[Items from a data source]
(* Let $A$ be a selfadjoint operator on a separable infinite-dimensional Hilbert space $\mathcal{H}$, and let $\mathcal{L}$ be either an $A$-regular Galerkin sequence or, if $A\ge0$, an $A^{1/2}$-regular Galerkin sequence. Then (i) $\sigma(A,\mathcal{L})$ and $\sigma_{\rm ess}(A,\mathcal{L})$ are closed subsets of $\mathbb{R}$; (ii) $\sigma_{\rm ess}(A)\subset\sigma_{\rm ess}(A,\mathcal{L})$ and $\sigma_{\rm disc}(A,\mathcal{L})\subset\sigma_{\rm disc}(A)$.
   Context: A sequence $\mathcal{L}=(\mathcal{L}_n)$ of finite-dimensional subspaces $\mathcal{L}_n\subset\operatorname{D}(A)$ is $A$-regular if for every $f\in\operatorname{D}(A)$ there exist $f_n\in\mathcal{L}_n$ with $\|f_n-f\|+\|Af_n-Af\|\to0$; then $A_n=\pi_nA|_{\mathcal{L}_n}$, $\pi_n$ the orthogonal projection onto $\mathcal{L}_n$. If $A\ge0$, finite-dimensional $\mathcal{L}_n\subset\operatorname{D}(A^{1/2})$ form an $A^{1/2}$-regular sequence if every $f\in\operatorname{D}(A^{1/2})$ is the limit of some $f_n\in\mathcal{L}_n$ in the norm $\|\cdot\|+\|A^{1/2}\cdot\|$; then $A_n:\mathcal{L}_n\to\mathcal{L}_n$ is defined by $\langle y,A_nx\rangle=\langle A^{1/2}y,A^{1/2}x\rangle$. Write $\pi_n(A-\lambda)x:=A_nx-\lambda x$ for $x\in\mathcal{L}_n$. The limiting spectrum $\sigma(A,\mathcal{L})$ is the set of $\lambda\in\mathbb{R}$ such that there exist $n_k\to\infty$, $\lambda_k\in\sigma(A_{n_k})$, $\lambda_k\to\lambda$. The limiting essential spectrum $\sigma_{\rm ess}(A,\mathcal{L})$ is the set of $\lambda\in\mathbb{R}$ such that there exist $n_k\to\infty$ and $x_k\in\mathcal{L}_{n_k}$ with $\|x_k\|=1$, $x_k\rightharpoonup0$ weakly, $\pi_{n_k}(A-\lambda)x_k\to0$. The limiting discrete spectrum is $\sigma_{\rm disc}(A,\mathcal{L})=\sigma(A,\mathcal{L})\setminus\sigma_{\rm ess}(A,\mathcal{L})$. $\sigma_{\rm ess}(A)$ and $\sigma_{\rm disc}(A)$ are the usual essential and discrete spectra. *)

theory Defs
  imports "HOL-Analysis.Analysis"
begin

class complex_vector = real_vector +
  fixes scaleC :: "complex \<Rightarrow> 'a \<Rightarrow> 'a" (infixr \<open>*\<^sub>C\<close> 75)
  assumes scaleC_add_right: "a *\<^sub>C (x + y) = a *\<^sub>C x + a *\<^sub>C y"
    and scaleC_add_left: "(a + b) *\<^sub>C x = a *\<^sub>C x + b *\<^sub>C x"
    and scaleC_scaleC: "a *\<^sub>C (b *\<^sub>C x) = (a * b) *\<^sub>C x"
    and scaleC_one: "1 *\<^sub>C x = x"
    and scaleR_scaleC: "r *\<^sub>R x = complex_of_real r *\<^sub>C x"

**EXERCISE**
For this exercise, please output exactly the lines above starting at the line with "(infixr \<open>*\<^sub>C\<close> 75)" and ending at the line with "(b *\<^sub>C x)", ends included.

**SOLUTION TO THE EXERCISE**
  fixes scaleC :: "complex \<Rightarrow> 'a \<Rightarrow> 'a" (infixr \<open>*\<^sub>C\<close> 75)
  assumes scaleC_add_right: "a *\<^sub>C (x + y) = a *\<^sub>C x + a *\<^sub>C y"
    and scaleC_add_left: "(a + b) *\<^sub>C x = a *\<^sub>C x + b *\<^sub>C x"
    and scaleC_scaleC: "a *\<^sub>C (b *\<^sub>C x) = (a * b) *\<^sub>C x"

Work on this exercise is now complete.